Start of Available data

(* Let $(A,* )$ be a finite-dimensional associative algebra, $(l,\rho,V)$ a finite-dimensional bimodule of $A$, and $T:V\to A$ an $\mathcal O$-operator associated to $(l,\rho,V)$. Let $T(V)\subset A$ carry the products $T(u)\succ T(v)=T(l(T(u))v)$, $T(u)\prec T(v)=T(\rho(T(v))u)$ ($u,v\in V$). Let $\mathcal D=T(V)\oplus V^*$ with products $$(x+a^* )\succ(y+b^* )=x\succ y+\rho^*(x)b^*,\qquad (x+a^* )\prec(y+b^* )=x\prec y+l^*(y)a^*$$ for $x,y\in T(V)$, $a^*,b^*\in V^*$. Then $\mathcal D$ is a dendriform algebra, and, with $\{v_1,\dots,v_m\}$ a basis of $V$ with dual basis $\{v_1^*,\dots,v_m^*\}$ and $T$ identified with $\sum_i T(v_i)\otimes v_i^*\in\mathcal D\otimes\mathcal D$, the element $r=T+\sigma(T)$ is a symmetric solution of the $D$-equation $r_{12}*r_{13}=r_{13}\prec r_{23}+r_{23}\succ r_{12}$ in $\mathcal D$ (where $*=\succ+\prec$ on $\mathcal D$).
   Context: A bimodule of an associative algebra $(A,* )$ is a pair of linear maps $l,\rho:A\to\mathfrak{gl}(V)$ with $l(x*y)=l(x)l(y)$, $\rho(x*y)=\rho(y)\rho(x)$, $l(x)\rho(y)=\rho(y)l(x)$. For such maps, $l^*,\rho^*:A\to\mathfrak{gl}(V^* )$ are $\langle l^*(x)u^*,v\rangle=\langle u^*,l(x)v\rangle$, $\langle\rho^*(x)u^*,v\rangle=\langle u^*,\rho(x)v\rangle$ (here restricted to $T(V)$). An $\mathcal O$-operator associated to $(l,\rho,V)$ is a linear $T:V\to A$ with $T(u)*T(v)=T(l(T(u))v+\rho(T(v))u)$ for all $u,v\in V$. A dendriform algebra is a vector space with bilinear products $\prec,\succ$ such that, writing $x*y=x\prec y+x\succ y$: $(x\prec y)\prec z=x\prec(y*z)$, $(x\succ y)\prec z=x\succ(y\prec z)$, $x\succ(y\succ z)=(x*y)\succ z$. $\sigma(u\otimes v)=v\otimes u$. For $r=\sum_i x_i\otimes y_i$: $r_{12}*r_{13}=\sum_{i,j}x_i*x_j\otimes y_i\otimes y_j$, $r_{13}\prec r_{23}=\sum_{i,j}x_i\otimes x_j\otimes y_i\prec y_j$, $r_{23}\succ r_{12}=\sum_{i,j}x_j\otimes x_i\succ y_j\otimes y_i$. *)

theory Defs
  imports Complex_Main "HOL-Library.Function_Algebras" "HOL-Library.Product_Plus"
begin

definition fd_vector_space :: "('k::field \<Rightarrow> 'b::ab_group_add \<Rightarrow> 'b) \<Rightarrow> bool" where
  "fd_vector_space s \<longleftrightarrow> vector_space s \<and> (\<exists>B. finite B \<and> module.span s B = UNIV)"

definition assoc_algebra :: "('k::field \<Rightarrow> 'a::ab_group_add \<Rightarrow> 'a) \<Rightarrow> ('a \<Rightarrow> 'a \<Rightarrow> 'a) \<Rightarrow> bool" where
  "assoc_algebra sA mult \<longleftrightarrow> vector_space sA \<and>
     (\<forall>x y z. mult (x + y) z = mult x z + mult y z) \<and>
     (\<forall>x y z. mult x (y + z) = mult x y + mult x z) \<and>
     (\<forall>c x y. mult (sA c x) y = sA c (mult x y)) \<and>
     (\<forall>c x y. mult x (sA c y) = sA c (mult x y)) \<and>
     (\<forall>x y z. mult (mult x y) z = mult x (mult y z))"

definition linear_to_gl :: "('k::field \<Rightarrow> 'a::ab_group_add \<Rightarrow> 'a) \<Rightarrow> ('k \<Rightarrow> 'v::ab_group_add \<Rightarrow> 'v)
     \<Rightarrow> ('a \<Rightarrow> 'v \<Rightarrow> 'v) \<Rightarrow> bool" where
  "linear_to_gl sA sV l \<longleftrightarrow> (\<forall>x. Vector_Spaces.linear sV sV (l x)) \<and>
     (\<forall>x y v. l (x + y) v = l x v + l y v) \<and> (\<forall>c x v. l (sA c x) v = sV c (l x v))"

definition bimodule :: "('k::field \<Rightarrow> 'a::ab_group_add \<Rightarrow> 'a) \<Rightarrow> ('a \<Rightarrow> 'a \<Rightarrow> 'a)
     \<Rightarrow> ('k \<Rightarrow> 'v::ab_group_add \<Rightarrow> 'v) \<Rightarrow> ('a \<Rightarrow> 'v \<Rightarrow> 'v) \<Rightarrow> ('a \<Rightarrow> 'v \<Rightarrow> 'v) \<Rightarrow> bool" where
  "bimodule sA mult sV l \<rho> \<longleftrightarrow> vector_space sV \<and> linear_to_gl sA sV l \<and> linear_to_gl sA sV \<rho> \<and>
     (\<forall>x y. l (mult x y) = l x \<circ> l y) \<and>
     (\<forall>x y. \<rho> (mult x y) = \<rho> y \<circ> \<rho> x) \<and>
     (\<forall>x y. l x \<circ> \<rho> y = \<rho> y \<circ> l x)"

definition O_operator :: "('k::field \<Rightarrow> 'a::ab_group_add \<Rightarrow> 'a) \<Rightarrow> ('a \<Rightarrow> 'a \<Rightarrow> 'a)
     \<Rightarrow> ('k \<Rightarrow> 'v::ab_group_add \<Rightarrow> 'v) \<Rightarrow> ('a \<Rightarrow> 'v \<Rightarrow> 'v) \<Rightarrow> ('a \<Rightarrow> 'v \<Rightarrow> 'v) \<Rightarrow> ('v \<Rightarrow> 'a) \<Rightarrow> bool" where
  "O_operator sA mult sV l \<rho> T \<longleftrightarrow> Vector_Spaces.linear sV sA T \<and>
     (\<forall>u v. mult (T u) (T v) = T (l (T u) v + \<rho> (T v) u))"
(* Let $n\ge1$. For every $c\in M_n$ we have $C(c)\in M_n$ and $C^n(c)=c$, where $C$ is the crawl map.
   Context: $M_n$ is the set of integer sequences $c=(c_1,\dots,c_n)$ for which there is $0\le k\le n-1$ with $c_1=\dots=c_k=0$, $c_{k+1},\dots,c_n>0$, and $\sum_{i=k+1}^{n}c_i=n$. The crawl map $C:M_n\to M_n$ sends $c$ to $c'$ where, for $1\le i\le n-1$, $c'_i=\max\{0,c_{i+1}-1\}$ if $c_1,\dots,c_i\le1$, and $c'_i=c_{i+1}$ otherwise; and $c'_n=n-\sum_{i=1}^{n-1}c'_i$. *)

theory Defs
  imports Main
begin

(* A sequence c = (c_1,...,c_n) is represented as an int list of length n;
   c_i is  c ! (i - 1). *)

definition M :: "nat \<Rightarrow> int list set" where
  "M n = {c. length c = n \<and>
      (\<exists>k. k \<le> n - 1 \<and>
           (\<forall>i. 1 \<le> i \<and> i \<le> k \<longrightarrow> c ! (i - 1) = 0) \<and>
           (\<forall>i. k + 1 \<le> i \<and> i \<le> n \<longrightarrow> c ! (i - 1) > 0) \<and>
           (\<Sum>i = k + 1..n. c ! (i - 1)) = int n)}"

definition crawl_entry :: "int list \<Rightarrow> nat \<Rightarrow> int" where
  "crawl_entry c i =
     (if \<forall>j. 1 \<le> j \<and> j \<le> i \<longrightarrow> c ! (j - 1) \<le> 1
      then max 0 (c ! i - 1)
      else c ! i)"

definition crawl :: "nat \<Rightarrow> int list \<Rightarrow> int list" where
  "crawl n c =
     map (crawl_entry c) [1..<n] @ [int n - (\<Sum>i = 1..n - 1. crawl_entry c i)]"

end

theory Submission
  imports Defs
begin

End of Available data

■ Task statement
From the records above, repeat exactly the lines from the one with "('a \<Rightarrow> 'a \<Rightarrow> 'a) \<Rightarrow>" through the one with "(\<forall>x y. \<rho>", both included.

■ Answer space
definition assoc_algebra :: "('k::field \<Rightarrow> 'a::ab_group_add \<Rightarrow> 'a) \<Rightarrow> ('a \<Rightarrow> 'a \<Rightarrow> 'a) \<Rightarrow> bool" where
  "assoc_algebra sA mult \<longleftrightarrow> vector_space sA \<and>
     (\<forall>x y z. mult (x + y) z = mult x z + mult y z) \<and>
     (\<forall>x y z. mult x (y + z) = mult x y + mult x z) \<and>
     (\<forall>c x y. mult (sA c x) y = sA c (mult x y)) \<and>
     (\<forall>c x y. mult x (sA c y) = sA c (mult x y)) \<and>
     (\<forall>x y z. mult (mult x y) z = mult x (mult y z))"

definition linear_to_gl :: "('k::field \<Rightarrow> 'a::ab_group_add \<Rightarrow> 'a) \<Rightarrow> ('k \<Rightarrow> 'v::ab_group_add \<Rightarrow> 'v)
     \<Rightarrow> ('a \<Rightarrow> 'v \<Rightarrow> 'v) \<Rightarrow> bool" where
  "linear_to_gl sA sV l \<longleftrightarrow> (\<forall>x. Vector_Spaces.linear sV sV (l x)) \<and>
     (\<forall>x y v. l (x + y) v = l x v + l y v) \<and> (\<forall>c x v. l (sA c x) v = sV c (l x v))"

definition bimodule :: "('k::field \<Rightarrow> 'a::ab_group_add \<Rightarrow> 'a) \<Rightarrow> ('a \<Rightarrow> 'a \<Rightarrow> 'a)
     \<Rightarrow> ('k \<Rightarrow> 'v::ab_group_add \<Rightarrow> 'v) \<Rightarrow> ('a \<Rightarrow> 'v \<Rightarrow> 'v) \<Rightarrow> ('a \<Rightarrow> 'v \<Rightarrow> 'v) \<Rightarrow> bool" where
  "bimodule sA mult sV l \<rho> \<longleftrightarrow> vector_space sV \<and> linear_to_gl sA sV l \<and> linear_to_gl sA sV \<rho> \<and>
     (\<forall>x y. l (mult x y) = l x \<circ> l y) \<and>
     (\<forall>x y. \<rho> (mult x y) = \<rho> y \<circ> \<rho> x) \<and>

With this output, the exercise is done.